In exploratory analyses, the regression slopes with age (RSAs) in regional BPND values were then estimated using linear regression models of age predicting NET-MRB BPND for each ROI within subgroups defined by sex and race. Out of all healthy adults, including both sexes and races (AAs, N = 14, ages 33.8 ± 7.2; White, N = 16, ages 39.5 ± 10.7), substantially greater age-related decline rates in regional NET-MRB BPND were observed in AA males (n = 7, ages 29.7 ± 4.3). Specifically, AA males showed negative slopes in more brain regions and much steeper declines in some brain regions (Figure 2A) compared to White males (n = 11, ages 40.4 ± 10.9) (Figure 2B).
In the exploratory analysis for the effects of race, the decline rates of regional brain ROIs were faster in AAs: e.g., decline rates in BS and ROfac were −0.91% and −0.81%/year, respectively, for AA; by comparison, decline rates in BS and ROfac were −0.06 and −0.13%/year, respectively, for White (Figure 3A). The difference in RSA by race reached significance in the summary measure over 16 ROIs and 12 ROIs both in all participants and in age-matched groups (all p ≤ 0.003) (Table 2).
In the exploratory analysis for sex effects [female (N = 12, ages 25–54 (37.8 ± 9.5)) and male (N = 18, ages 23–55 (36.2 ± 10.2))], there was a significant difference in RSA (p = 0.01) with decline rates faster for males, e.g., −0.8, −0.6, −0.5, −0.4, and −0.4%/year for left thalamus (LThlP), right amygdala (RAmy), right olfactory (ROfac), hippocampus (Lhip & RHip), and right thalamus (RThlP), respectively. While the difference in RSA by sex did not quite reach significance in the summary measure over 16 ROIs (p = 0.063) (Table 3), it did reach significance when only 12 ROIs (LCbCtx, Lamy, LHip, LOfac, LThlP, RCbCtx, RAmy, RHip, ROfac, RThlP, RPut, and BS) were included in the computation (p = 0.015) (Figure 3B and Table 3).
The sex effect was also significant within all Whites (n = 5, females aged 37.6 ± 12.4 and n = 11, males aged 40.4 ± 10.9) with the RSA decline rate faster for males than females both over 16 ROIs (p < 0.001) (Table 3) and 12 ROIs (p = 0.002) (Figure 3C and Table 3).
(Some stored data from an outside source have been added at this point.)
lemma cardB_Suc_has_integral_window: "(cardB p has_integral cardB (Suc p) s) {s - 1..s}"
proof -
  define J where "J = nat \<lceil>s\<rceil> + 1"
  have Js: "s < real J" unfolding J_def by linarith
  \<comment> \<open>a primitive of \<open>N\<^sub>p\<close> on \<open>(-\<infinity>, s]\<close> off the integers: its derivative telescopes\<close>
  define M where "M x = (\<Sum>j<J. cardB (Suc p) (x - real j))" for x
  have "M s - M (s - 1) = (\<Sum>j<J. cardB (Suc p) (s - real j) - cardB (Suc p) (s - real (Suc j)))"
    unfolding M_def by (simp add: sum_subtractf algebra_simps)
  also have "\<dots> = cardB (Suc p) s"
    using sum_lessThan_telescope'[of "\<lambda>j. cardB (Suc p) (s - real j)" J] Js
    by (simp add: cardB_eq_0_outside)
  finally have M: "M s - M (s - 1) = cardB (Suc p) s" .
  define S where "S = real_of_int ` {\<lfloor>s\<rfloor> - 1 .. \<lfloor>s\<rfloor>}"
  have nonint: "x \<notin> \<int>" if x: "x \<in> {s - 1<..<s} - S" for x
  proof
    assume "x \<in> \<int>"
    then obtain k where k: "x = real_of_int k" by (auto elim: Ints_cases)
    with x have "k \<le> \<lfloor>s\<rfloor>" "\<lfloor>s\<rfloor> \<le> k + 1"
      by (simp_all add: le_floor_iff floor_le_iff)
    with x k show False unfolding S_def by auto
  qed
  have "(M has_real_derivative cardB p x) (at x)" if "x \<in> {s - 1<..<s} - S" for x
  proof -
    have "((\<lambda>x. cardB (Suc p) (x - real j)) has_real_derivative
        cardB p (x - real j) - cardB p (x - real (Suc j))) (at x)" for j
      using has_real_derivative_cardB_nonint[of "x - real j" p] nonint[OF that]
        DERIV_shift[of "cardB (Suc p)" _ x "- real j"]
      by (simp add: algebra_simps)
    then have "(M has_real_derivative (\<Sum>j<J. cardB p (x - real j) - cardB p (x - real (Suc j)))) (at x)"
      unfolding M_def[abs_def] by (intro DERIV_sum)
    moreover have "(\<Sum>j<J. cardB p (x - real j) - cardB p (x - real (Suc j))) = cardB p x"
      using sum_lessThan_telescope'[of "\<lambda>j. cardB p (x - real j)" J] Js that
      by (simp add: cardB_eq_0_outside)
    ultimately show ?thesis by simp
  qed
  moreover have "continuous_on {s - 1..s} M"
    unfolding M_def
    by (intro continuous_on_sum continuous_on_compose2[OF continuous_on_cardB[of "Suc p"]])
      (auto intro!: continuous_intros)
  ultimately have "(cardB p has_integral (M s - M (s - 1))) {s - 1..s}"
    by (intro fundamental_theorem_of_calculus_interior_strong[of S])
      (auto simp: S_def has_real_derivative_iff_has_vector_derivative)
  then show ?thesis unfolding M .
qed

lemma has_real_derivative_integral_at:
  fixes f :: "real \<Rightarrow> real"
  assumes "continuous_on {a..b} f" and x: "x \<in> {a<..<b}"
  shows "((\<lambda>x. integral {a..x} f) has_real_derivative f x) (at x)"
proof -
  have "((\<lambda>x. integral {a..x} f) has_real_derivative f x) (at x within {a..b})"
    using x by (intro integral_has_real_derivative[OF assms(1)]) simp
  then have "((\<lambda>x. integral {a..x} f) has_real_derivative f x) (at x within {a<..<b})"
    by (rule DERIV_subset) auto
  then show ?thesis using at_within_open[of x "{a<..<b}"] x by simp
qed

lemma has_real_derivative_window_integral:
  fixes f :: "real \<Rightarrow> real"
  assumes "continuous_on UNIV f"
  shows "((\<lambda>s. integral {s - 1..s} f) has_real_derivative f t - f (t - 1)) (at t)"
proof -
  define a where "a = t - 2"
  have f: "continuous_on {a..t + 1} f" using assms by (rule continuous_on_subset) simp
  have "((\<lambda>s. integral {a..s - 1} f) has_real_derivative f (t - 1)) (at t)"
    using DERIV_chain2[OF has_real_derivative_integral_at[OF f] DERIV_diff[OF DERIV_ident DERIV_const[of 1]]]
    by (simp add: a_def)
  from DERIV_diff[OF has_real_derivative_integral_at[OF f] this]
  have D: "((\<lambda>s. integral {a..s} f - integral {a..s - 1} f) has_real_derivative f t - f (t - 1)) (at t)"
    by (simp add: a_def)
  have "integral {a..s} f - integral {a..s - 1} f = integral {s - 1..s} f"
    if "s \<in> {t - 1<..<t + 1}" for s
    using Henstock_Kurzweil_Integration.integral_combine[of a "s - 1" s f] that
      integrable_continuous_real[OF continuous_on_subset[OF assms, of "{a..s}"]]
    by (simp add: a_def)
  from has_field_derivative_transform_within_open[where S="{t - 1<..<t + 1}", OF D _ _ this]
  show ?thesis by simp
qed

lemma cardB_Suc_eq_window_integral: "cardB (Suc p) s = integral {s - 1..s} (cardB p)"
  using cardB_Suc_has_integral_window by (rule integral_unique[symmetric])

lemma has_real_derivative_cardB:
  assumes "t \<notin> \<int> \<or> 1 \<le> p"
  shows "(cardB (Suc p) has_real_derivative cardB p t - cardB p (t - 1)) (at t)"
  using assms
proof
  assume "1 \<le> p"
  then show ?thesis
    unfolding cardB_Suc_eq_window_integral[abs_def]
    by (intro has_real_derivative_window_integral continuous_on_cardB)
qed (rule has_real_derivative_cardB_nonint)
When AA females (n = 7; ages 37.9 ± 8.0) and AA males (n = 7; ages 29.7 ± 4.3) were compared, the RSA decline rates were high in most regions for both sexes (e.g., −3%/year in LThlP and RAmy and over −1.2%/year in BS and ROfac for AA males vs. −1.8%/year in BS and Ofac for AA females), and the sex difference did not reach significance in these AA subgroups (p = 0.272) (Figure 3D and Table 3). Notably, there appeared a trend suggesting a more pronounced effect in AA males compared to White males (e.g., RSA = −3.03%/year [bootstrap 95%CI: −5.80% to 1.19%] in the left thalamus for AA males vs. RSA = −0.14 for White males [bootstrap 95%CI: −0.79% to 0.47%]. Additionally, in the right anterior cingulate cortex, RSA was −3.4%/year [bootstrap 95%CI: −4.6% to −1.4%] for AA males, compared to RSA = 0.3 cyr [bootstrap 95%CI: 0.04% to 1.03%] for White males).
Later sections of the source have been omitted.